**Task directions:** When a line of the entries contains "finite", please list that line.

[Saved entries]
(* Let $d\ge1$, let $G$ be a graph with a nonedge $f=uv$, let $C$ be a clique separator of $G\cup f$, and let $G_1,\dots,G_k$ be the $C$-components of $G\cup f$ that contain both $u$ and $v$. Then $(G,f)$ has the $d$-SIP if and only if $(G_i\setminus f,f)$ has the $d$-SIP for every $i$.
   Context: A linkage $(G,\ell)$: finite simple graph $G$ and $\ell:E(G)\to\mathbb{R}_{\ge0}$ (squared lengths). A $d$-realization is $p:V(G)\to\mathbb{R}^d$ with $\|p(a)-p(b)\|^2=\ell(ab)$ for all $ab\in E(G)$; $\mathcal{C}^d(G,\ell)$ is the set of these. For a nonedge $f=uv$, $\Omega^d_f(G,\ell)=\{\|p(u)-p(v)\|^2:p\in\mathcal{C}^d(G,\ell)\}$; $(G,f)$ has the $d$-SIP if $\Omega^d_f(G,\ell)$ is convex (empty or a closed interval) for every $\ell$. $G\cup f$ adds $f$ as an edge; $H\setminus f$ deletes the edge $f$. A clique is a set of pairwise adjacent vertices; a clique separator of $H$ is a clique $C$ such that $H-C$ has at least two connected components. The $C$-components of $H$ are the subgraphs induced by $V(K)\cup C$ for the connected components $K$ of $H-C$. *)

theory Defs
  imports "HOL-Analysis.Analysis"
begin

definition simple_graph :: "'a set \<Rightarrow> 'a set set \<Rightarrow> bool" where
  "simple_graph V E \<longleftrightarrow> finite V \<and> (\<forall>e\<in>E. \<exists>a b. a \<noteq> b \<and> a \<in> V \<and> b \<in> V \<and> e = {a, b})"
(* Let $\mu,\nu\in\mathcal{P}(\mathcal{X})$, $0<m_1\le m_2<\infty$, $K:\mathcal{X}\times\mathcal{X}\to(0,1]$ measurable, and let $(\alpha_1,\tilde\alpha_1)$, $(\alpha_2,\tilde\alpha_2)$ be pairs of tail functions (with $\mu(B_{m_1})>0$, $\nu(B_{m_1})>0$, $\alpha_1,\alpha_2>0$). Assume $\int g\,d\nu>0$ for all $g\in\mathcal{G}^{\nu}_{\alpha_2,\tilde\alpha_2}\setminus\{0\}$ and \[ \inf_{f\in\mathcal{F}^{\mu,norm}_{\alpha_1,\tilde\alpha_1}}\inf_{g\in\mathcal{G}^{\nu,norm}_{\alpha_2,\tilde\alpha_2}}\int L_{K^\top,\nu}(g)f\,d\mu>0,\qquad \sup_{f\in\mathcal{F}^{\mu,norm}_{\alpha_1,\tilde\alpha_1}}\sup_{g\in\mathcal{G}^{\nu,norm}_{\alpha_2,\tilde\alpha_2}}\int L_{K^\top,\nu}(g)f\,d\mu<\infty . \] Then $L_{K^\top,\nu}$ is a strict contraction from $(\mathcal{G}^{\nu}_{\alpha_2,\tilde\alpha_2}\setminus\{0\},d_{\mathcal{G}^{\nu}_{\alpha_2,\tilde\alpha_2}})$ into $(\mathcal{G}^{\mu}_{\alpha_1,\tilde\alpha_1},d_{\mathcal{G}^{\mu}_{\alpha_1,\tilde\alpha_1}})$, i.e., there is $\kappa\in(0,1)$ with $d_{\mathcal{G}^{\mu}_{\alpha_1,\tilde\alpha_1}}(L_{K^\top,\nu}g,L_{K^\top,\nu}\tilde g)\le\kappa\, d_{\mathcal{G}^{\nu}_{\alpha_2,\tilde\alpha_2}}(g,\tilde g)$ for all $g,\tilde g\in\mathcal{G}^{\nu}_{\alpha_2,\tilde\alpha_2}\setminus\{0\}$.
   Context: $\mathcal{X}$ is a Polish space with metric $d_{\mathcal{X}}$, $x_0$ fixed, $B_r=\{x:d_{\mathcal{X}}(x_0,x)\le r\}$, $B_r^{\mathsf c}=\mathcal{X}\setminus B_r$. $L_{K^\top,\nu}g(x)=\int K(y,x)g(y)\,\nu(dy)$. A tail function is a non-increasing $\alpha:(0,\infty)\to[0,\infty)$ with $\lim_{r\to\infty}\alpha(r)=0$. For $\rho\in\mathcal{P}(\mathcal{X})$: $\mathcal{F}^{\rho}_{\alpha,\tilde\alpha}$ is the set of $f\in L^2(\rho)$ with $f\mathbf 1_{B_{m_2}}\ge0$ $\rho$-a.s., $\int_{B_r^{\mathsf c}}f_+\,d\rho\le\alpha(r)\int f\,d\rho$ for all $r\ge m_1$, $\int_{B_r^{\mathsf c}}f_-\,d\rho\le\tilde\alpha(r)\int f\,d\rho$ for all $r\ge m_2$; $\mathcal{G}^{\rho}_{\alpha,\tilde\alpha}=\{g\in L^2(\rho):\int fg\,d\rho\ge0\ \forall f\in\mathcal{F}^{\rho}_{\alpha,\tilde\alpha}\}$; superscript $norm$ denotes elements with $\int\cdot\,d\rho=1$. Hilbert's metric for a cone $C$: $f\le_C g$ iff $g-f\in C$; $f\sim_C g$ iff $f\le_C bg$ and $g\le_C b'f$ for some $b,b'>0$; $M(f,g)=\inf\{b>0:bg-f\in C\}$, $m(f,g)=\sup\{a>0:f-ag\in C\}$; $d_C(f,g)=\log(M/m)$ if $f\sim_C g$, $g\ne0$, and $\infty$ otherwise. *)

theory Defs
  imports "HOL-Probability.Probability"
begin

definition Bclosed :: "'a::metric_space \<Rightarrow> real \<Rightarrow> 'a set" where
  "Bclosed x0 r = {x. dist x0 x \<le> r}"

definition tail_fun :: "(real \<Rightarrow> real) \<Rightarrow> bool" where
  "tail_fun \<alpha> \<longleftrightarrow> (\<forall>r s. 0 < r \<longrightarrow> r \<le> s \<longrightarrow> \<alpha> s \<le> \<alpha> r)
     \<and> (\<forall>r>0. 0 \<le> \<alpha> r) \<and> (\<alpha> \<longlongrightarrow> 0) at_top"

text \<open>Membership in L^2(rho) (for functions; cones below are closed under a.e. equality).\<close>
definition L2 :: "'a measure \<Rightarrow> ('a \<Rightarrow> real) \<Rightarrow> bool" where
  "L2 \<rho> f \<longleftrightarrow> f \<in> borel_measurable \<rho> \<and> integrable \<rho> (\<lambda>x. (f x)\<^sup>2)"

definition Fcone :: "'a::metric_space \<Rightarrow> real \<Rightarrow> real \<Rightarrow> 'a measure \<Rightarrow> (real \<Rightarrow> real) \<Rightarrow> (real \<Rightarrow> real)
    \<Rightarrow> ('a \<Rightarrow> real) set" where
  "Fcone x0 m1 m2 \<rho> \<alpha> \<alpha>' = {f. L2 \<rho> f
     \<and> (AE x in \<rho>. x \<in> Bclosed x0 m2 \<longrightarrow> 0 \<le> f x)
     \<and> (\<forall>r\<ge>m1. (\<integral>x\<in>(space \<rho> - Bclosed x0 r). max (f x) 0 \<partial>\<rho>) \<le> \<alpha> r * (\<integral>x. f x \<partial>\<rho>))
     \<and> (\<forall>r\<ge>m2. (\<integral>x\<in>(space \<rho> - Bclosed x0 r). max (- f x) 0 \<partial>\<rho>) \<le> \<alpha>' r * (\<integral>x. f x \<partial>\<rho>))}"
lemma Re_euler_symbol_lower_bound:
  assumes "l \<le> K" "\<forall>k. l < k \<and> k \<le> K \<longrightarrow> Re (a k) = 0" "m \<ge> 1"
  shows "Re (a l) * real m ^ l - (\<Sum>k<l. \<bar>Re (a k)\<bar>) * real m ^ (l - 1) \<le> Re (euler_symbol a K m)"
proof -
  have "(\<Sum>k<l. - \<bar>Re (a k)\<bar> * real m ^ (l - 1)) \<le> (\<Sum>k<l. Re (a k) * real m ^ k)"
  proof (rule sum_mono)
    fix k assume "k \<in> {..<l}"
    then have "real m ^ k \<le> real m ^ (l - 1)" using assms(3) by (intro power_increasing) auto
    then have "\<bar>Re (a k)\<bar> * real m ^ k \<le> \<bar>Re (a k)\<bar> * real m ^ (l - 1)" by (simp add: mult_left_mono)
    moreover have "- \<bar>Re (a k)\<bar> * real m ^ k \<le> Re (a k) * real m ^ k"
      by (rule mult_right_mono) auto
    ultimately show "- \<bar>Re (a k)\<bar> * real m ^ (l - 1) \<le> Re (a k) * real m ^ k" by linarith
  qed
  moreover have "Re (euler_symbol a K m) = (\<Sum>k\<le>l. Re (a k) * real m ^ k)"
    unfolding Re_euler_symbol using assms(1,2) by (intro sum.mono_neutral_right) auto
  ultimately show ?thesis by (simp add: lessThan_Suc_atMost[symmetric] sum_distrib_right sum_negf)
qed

==

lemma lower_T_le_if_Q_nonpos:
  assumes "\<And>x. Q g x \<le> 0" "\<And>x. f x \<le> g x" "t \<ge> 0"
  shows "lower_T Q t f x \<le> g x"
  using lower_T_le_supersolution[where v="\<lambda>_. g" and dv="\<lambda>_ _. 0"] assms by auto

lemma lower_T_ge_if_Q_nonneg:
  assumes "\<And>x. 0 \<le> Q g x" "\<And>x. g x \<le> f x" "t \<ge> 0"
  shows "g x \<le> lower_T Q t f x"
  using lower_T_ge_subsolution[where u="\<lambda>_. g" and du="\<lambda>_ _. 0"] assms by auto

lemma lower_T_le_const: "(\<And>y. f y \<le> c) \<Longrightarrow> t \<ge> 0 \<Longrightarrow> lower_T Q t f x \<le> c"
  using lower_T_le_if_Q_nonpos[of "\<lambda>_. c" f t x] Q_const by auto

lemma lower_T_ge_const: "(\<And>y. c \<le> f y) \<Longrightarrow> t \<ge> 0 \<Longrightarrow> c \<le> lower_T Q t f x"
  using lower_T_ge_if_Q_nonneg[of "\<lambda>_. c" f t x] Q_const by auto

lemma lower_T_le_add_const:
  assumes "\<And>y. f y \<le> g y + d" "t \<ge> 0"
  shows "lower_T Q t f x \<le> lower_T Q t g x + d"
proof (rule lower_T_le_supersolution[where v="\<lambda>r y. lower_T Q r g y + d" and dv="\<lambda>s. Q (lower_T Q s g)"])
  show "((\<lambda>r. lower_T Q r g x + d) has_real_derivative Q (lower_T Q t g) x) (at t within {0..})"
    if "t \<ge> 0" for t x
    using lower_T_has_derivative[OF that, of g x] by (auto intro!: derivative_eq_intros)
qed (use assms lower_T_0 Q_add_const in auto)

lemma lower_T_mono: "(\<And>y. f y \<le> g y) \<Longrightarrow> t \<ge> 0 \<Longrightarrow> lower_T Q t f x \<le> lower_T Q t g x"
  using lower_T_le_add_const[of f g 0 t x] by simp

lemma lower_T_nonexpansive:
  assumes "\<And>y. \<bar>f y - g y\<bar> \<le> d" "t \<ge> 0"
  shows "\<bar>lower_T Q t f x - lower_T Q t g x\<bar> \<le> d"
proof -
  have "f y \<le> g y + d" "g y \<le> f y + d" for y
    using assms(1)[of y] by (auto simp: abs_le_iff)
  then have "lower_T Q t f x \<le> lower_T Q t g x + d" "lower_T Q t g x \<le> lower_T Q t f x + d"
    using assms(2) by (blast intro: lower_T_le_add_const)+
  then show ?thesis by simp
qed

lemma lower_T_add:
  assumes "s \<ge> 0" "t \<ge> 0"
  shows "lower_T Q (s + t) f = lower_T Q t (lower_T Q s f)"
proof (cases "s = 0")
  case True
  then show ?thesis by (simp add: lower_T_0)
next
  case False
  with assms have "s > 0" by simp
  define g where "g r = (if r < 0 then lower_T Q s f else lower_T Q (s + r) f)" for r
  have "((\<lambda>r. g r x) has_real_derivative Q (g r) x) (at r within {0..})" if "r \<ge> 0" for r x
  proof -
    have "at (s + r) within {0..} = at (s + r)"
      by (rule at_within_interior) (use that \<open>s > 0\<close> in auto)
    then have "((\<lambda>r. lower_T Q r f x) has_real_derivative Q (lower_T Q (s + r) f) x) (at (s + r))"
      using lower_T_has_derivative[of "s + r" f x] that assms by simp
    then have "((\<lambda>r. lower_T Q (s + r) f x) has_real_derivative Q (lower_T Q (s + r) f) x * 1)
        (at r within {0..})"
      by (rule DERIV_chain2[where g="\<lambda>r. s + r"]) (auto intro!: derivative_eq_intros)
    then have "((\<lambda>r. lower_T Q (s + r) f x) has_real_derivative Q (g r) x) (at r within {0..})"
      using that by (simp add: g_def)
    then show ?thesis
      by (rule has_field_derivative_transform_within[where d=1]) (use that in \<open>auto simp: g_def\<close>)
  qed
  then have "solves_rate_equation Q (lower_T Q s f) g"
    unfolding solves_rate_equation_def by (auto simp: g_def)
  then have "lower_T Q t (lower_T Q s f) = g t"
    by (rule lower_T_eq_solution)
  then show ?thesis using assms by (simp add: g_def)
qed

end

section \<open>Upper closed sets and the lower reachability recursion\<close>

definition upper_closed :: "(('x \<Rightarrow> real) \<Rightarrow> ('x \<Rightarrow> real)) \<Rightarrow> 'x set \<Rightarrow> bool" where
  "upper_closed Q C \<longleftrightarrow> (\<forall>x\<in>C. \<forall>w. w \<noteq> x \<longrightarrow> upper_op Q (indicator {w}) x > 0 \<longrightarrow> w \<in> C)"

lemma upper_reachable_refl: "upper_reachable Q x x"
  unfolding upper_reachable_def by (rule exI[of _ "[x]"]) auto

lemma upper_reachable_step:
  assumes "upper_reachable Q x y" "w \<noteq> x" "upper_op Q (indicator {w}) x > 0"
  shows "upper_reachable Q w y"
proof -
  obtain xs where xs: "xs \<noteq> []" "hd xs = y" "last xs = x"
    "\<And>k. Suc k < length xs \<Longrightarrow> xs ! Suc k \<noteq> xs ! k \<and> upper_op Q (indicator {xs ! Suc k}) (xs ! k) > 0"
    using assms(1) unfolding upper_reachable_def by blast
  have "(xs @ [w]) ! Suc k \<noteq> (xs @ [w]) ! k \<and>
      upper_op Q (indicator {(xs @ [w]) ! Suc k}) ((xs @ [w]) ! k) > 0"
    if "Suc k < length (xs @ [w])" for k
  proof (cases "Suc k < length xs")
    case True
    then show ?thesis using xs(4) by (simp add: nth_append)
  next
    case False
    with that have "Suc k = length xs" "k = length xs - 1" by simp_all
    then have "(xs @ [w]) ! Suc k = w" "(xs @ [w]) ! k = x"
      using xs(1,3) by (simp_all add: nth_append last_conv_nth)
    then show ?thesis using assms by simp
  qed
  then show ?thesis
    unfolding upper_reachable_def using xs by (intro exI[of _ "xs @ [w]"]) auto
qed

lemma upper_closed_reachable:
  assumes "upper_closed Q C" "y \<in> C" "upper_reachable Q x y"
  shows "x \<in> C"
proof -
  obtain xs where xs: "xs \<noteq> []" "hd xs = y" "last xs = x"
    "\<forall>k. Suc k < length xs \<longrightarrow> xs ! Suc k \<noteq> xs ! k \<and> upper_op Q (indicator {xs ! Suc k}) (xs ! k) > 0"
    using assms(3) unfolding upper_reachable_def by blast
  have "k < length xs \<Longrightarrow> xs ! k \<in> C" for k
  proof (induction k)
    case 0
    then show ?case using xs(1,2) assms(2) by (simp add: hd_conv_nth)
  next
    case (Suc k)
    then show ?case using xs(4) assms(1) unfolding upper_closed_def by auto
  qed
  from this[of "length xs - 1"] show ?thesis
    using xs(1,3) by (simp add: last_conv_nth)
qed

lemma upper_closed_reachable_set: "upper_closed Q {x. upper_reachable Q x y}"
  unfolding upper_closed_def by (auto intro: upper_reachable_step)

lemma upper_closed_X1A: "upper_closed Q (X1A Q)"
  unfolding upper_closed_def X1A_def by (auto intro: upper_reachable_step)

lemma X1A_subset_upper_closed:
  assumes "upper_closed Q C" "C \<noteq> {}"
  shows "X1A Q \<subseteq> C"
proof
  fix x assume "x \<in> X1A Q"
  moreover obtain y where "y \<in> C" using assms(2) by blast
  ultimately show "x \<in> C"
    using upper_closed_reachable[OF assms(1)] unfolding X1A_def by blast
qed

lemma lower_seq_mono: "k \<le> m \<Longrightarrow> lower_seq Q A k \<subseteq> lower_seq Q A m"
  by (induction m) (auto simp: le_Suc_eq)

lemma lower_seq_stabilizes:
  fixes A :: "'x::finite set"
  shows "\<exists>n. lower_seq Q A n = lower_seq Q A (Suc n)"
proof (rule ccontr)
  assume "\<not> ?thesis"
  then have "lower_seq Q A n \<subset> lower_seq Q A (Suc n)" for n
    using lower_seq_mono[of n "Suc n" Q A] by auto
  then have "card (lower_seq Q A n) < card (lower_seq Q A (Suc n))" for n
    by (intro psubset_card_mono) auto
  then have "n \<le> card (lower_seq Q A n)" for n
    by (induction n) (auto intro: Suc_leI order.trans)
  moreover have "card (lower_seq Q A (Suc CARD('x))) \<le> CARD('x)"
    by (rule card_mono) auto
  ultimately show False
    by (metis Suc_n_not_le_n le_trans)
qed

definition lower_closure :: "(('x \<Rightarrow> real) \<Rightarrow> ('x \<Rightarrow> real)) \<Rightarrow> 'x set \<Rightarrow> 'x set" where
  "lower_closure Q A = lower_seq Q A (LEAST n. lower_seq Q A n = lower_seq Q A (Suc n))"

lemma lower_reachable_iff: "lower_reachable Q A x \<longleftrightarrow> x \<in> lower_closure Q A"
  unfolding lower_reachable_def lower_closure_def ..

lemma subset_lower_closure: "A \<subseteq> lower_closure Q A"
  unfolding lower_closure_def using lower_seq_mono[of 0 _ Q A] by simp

**Response:**
   Context: A linkage $(G,\ell)$: finite simple graph $G$ and $\ell:E(G)\to\mathbb{R}_{\ge0}$ (squared lengths). A $d$-realization is $p:V(G)\to\mathbb{R}^d$ with $\|p(a)-p(b)\|^2=\ell(ab)$ for all $ab\in E(G)$; $\mathcal{C}^d(G,\ell)$ is the set of these. For a nonedge $f=uv$, $\Omega^d_f(G,\ell)=\{\|p(u)-p(v)\|^2:p\in\mathcal{C}^d(G,\ell)\}$; $(G,f)$ has the $d$-SIP if $\Omega^d_f(G,\ell)$ is convex (empty or a closed interval) for every $\ell$. $G\cup f$ adds $f$ as an edge; $H\setminus f$ deletes the edge $f$. A clique is a set of pairwise adjacent vertices; a clique separator of $H$ is a clique $C$ such that $H-C$ has at least two connected components. The $C$-components of $H$ are the subgraphs induced by $V(K)\cup C$ for the connected components $K$ of $H-C$. *)
  "simple_graph V E \<longleftrightarrow> finite V \<and> (\<forall>e\<in>E. \<exists>a b. a \<noteq> b \<and> a \<in> V \<and> b \<in> V \<and> e = {a, b})"
  fixes A :: "'x::finite set"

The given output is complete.